I have moved only twice, the first time from Illinois to Florida with my family and the second time to Arizona to attend Arizona State University, which led me eventually back to Southwest Florida.

A move to another state can be both sad and exciting. The exciting part stems from wiping the slate clean as a new beginning is mapped out at a new destination.

backyard111The hardest part about this move is of course leaving family behind, since I am one of six children and an aunt of four adorable boys. A drive down the street to my parents and sisters’ homes, as well as a couple hour drive to my brothers will no longer be an option, as we will be 14 hours away. The beauty of course behind this is we are an incredibly close family who talks often and a drive back to Southwest Florida or a plane trip is extremely doable.

Family will always be there through thick and thin, so even though we may be a farther distance away, they will forever be close because they are a phone call, text or short trip away.

Although this is constantly flowing through my mind, the excitement of this new adventure grabs a hold of me . . .

As we pulled up Google Earth and highlighted the area of NE Tennessee – our destination – the pictures were incredible, which only increased the excitement of our soon to be new home. The change of seasons, hiking trails, mountains, lakes and farm house pictures, which graced the computer screen, grasped our attention as smiles spread across our faces. The endless possibilities and the new areas to explore are incredibly exciting to think about.

I am beyond thrilled to experience a new state and discover all it has to offer with this man who has become an incredible part of my life. What a journey to take with someone you love and share everything with. Our new journey is on the verge of beginning, a journey I know we will both make the most of, due to his incredible love for finding new areas to explore.

The excitement for the end of April is building, as we put in final notices at work and to our apartment complex, as well as making plans of how we are going to get from point A to point B with all of our belongings.

A new journey

backyard25Today I made a rather large step toward a new journey my boyfriend and I are going to take at the end of April.

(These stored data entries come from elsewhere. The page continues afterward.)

(* Every connected $D$-regular graph $G=(V,E)$ which is curvature sharp at all vertices has constant Bakry-\'Emery curvature, i.e. there is $\mathcal K\in\mathbb R$ with $\mathcal K_\infty(x)=\mathcal K$ for all $x\in V$.
   Context: For $f:V\to\mathbb R$, $\Delta f(x)=\sum_{y\sim x}(f(y)-f(x))$, $2\Gamma(f,g)=\Delta(fg)-f\Delta g-g\Delta f$, $2\Gamma_2(f,g)=\Delta\Gamma(f,g)-\Gamma(f,\Delta g)-\Gamma(g,\Delta f)$. The Bakry-\'Emery curvature $\mathcal K_\infty(x)$ is the supremum of all $K\in\mathbb R$ with $\Gamma_2(f,f)(x)\ge K\Gamma(f,f)(x)$ for all $f$. For a $D$-regular graph, $\mathcal K_\infty(x)\le 2+\#_\Delta(x)/D$ where $\#_\Delta(x)$ is the number of triangles containing $x$; $x$ is curvature sharp if equality holds. *)

theory Defs
  imports Main Complex_Main
begin

definition simple_graph :: "'a set \<Rightarrow> ('a \<Rightarrow> 'a \<Rightarrow> bool) \<Rightarrow> bool" where
  "simple_graph V E \<longleftrightarrow> (\<forall>x y. E x y \<longrightarrow> x \<in> V \<and> y \<in> V \<and> E y x \<and> x \<noteq> y)"

definition nbrs :: "('a \<Rightarrow> 'a \<Rightarrow> bool) \<Rightarrow> 'a \<Rightarrow> 'a set" where
  "nbrs E x = {y. E x y}"

definition regular_graph :: "'a set \<Rightarrow> ('a \<Rightarrow> 'a \<Rightarrow> bool) \<Rightarrow> nat \<Rightarrow> bool" where
  "regular_graph V E D \<longleftrightarrow> (\<forall>x\<in>V. finite (nbrs E x) \<and> card (nbrs E x) = D)"

definition connected_graph :: "'a set \<Rightarrow> ('a \<Rightarrow> 'a \<Rightarrow> bool) \<Rightarrow> bool" where
  "connected_graph V E \<longleftrightarrow> (\<forall>x\<in>V. \<forall>y\<in>V. E\<^sup>*\<^sup>* x y)"

definition laplacian :: "('a \<Rightarrow> 'a \<Rightarrow> bool) \<Rightarrow> ('a \<Rightarrow> real) \<Rightarrow> 'a \<Rightarrow> real" where
  "laplacian E f x = (\<Sum>y\<in>nbrs E x. f y - f x)"

definition Gamma :: "('a \<Rightarrow> 'a \<Rightarrow> bool) \<Rightarrow> ('a \<Rightarrow> real) \<Rightarrow> ('a \<Rightarrow> real) \<Rightarrow> 'a \<Rightarrow> real" where
  "Gamma E f g x = (laplacian E (\<lambda>z. f z * g z) x - f x * laplacian E g x
                     - g x * laplacian E f x) / 2"

definition Gamma2 :: "('a \<Rightarrow> 'a \<Rightarrow> bool) \<Rightarrow> ('a \<Rightarrow> real) \<Rightarrow> ('a \<Rightarrow> real) \<Rightarrow> 'a \<Rightarrow> real" where
  "Gamma2 E f g x = (laplacian E (Gamma E f g) x - Gamma E f (laplacian E g) x
                      - Gamma E g (laplacian E f) x) / 2"

definition BE_curvature :: "('a \<Rightarrow> 'a \<Rightarrow> bool) \<Rightarrow> 'a \<Rightarrow> real" where
  "BE_curvature E x = Sup {K. \<forall>f. Gamma2 E f f x \<ge> K * Gamma E f f x}"

definition num_triangles :: "('a \<Rightarrow> 'a \<Rightarrow> bool) \<Rightarrow> 'a \<Rightarrow> nat" where
  "num_triangles E x = card {{y, z} | y z. E x y \<and> E x z \<and> E y z}"

definition curvature_sharp :: "('a \<Rightarrow> 'a \<Rightarrow> bool) \<Rightarrow> nat \<Rightarrow> 'a \<Rightarrow> bool" where
  "curvature_sharp E D x \<longleftrightarrow> BE_curvature E x = 2 + real (num_triangles E x) / real D"

end

theory Submission
  imports Defs
begin

text \<open>Test the Bakry-Emery inequality at a sharp vertex \<open>x\<close> with \<open>f = min (d(x,\<cdot>)) 2\<close>,
  perturbed by \<open>e\<close> at one neighbour \<open>y\<close>. Then \<open>\<Gamma>\<^sub>2(f,f)(x) - \<K>\<^sub>\<infinity>(x) \<Gamma>(f,f)(x)\<close> is a
  quadratic in \<open>e\<close> which is nonnegative and, because the curvature bound is attained at the
  unperturbed function, vanishes at \<open>e = 0\<close>. Its linear coefficient therefore vanishes, which
  forces \<open>\<K>\<^sub>\<infinity>(x) = 2 + |N(x) \<inter> N(y)|/2\<close>. This is symmetric in \<open>x\<close> and \<open>y\<close>, so the curvature
  is constant along edges and hence on a connected graph.\<close>

lemma Gamma_eq_sum: "Gamma E f g x = (\<Sum>y\<in>nbrs E x. (f y - f x) * (g y - g x)) / 2"
proof -
  have "(\<Sum>y\<in>nbrs E x. (f y - f x) * (g y - g x)) =
    (\<Sum>y\<in>nbrs E x. f y * g y - f x * g x) - f x * (\<Sum>y\<in>nbrs E x. g y - g x)
      - g x * (\<Sum>y\<in>nbrs E x. f y - f x)"
    by (simp add: sum_distrib_left sum_subtractf[symmetric] algebra_simps)
  then show ?thesis unfolding Gamma_def laplacian_def by simp
qed

lemma Gamma_self_nonneg: "Gamma E f f x \<ge> 0"
  unfolding Gamma_eq_sum by (auto intro!: sum_nonneg)

lemma two_Gamma2_eq:
  "2 * Gamma2 E f f x =
     (\<Sum>y\<in>nbrs E x. \<Sum>w\<in>nbrs E y. (f w - f y)^2 / 2 - (f y - f x) * (f w - f y))
     - real (card (nbrs E x)) * Gamma E f f x + (laplacian E f x)^2"
proof -
  let ?N = "nbrs E x"
  have lap_Gamma: "laplacian E (Gamma E f f) x = (\<Sum>y\<in>?N. Gamma E f f y) - real (card ?N) * Gamma E f f x"
    unfolding laplacian_def by (simp add: sum_subtractf)
  have "2 * Gamma E f (laplacian E f) x
      = (\<Sum>y\<in>?N. (f y - f x) * laplacian E f y) - laplacian E f x * (\<Sum>y\<in>?N. f y - f x)"
    unfolding Gamma_eq_sum by (simp add: sum_distrib_left sum_subtractf[symmetric] algebra_simps)
  also have "(\<Sum>y\<in>?N. f y - f x) = laplacian E f x"
    unfolding laplacian_def ..
  finally have Gamma_lap: "2 * Gamma E f (laplacian E f) x
      = (\<Sum>y\<in>?N. (f y - f x) * laplacian E f y) - (laplacian E f x)^2"
    by (simp add: power2_eq_square)
  have "(\<Sum>y\<in>?N. Gamma E f f y) - (\<Sum>y\<in>?N. (f y - f x) * laplacian E f y)
      = (\<Sum>y\<in>?N. \<Sum>w\<in>nbrs E y. (f w - f y)^2 / 2 - (f y - f x) * (f w - f y))"
    unfolding Gamma_eq_sum laplacian_def
    by (simp add: sum_subtractf[symmetric] sum_distrib_left sum_divide_distrib power2_eq_square)
  then show ?thesis
    unfolding Gamma2_def using lap_Gamma Gamma_lap by simp
qed

lemma nonneg_quadratic_imp_linear_coeff_zero:
  fixes a b :: real
  assumes "\<And>e. a * e + b * e^2 \<ge> 0"
  shows "a = 0"
proof (rule ccontr)
  assume "a \<noteq> 0"
  define B where "B = \<bar>b\<bar> + 1"
  have B: "B > 0" "b < B" unfolding B_def by auto
  have "a * (- a / B) + b * (- a / B)^2 = a^2 * (b - B) / B^2"
    using B by (simp add: field_simps power2_eq_square)
  also have "\<dots> < 0"
    using \<open>a \<noteq> 0\<close> B by (intro divide_neg_pos mult_pos_neg) auto
  finally show False using assms[of "- a / B"] by simp
qed

lemma two_num_triangles_eq:
  assumes "simple_graph V E" and fin: "finite (nbrs E x)"
  shows "2 * num_triangles E x = (\<Sum>y\<in>nbrs E x. card (nbrs E y \<inter> nbrs E x))"
proof -
  let ?N = "nbrs E x"
  let ?T = "{{y, z} | y z. E x y \<and> E x z \<and> E y z}"
  let ?ordered = "\<lambda>t. {(a, b). a \<in> t \<and> b \<in> t \<and> a \<noteq> b}"
  have irrefl: "\<not> E y y" and sym: "E y z \<Longrightarrow> E z y" for y z
    using assms(1) unfolding simple_graph_def by blast+
  have pairs: "(SIGMA y:?N. nbrs E y \<inter> ?N) = (\<Union>t\<in>?T. ?ordered t)"
    unfolding nbrs_def using irrefl sym by blast
  have "finite ?T"
    by (rule finite_subset[of _ "Pow ?N"]) (use fin in \<open>auto simp: nbrs_def\<close>)
  moreover have "finite (?ordered t)" if "t \<in> ?T" for t
    using that by (auto intro: finite_subset[of _ "t \<times> t"])
  moreover have "?ordered s \<inter> ?ordered t = {}" if "s \<in> ?T" "t \<in> ?T" "s \<noteq> t" for s t
    using that by fastforce
  moreover have "card (?ordered t) = 2" if "t \<in> ?T" for t
  proof -
    obtain y z where t: "t = {y, z}" "E y z" using \<open>t \<in> ?T\<close> by blast
    then have "y \<noteq> z" using irrefl by blast
    then have "?ordered t = {(y, z), (z, y)}" using t by auto
    then show ?thesis using \<open>y \<noteq> z\<close> by simp
  qed
  ultimately have "card (\<Union>t\<in>?T. ?ordered t) = 2 * card ?T"
    by (simp add: card_UN_disjoint)
  moreover have "card (SIGMA y:?N. nbrs E y \<inter> ?N) = (\<Sum>y\<in>?N. card (nbrs E y \<inter> ?N))"
    using fin by (subst card_SigmaI) auto
  ultimately show ?thesis unfolding num_triangles_def pairs by simp
qed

Although we have been planning a move to NE Tennessee for the past two years, it was put on hold once I received a promotion in November 2011. He wanted me to gain experience as an editor before we traveled to a new destination, which I will forever be grateful for because of his incredible support.

With a good deal of experience under my belt, our conversation about moving came to fruition once again and was put into motion as the height of season took off.

My boyfriend is now working two jobs . . . 15 hours away from home almost every day of the week. Although I miss him dearly and only see him for a few hours a day, I admire him for working so hard. The beautiful thing about this man is once an idea crosses his mind he puts everything he possibly can into motion to turn a dream or idea into a reality.

His excitement for starting our life in a new location has become contagious, which eventually shed all of my concerns and fear of moving away from everything I know.

That enthusiasm led me to sharing my notice with work this afternoon, making our move that much more real! It was both invigorating and nerve racking as I shared that I will be leaving at the end of April with my executive editor. Her reaction was complete surprise and bummed all at once.

It felt wonderful to share the news of our move because it brought everything out into the open. I can now talk freely of the excitement that builds every day with others besides family and close friends.

The last couple of weeks I have found places to live, as well as newspapers to apply for, which is promising as we arrive in a new state. It is extremely exciting to search for a new home, to think of a new beginning and everything it holds.

The next few months are going to go by in a blink of an eye as we both work a crazy amount of hours to stock away as much money as we can.

Although I am going to miss my family beyond belief, as well as my friends, it is truly exciting to think of our future in a different location.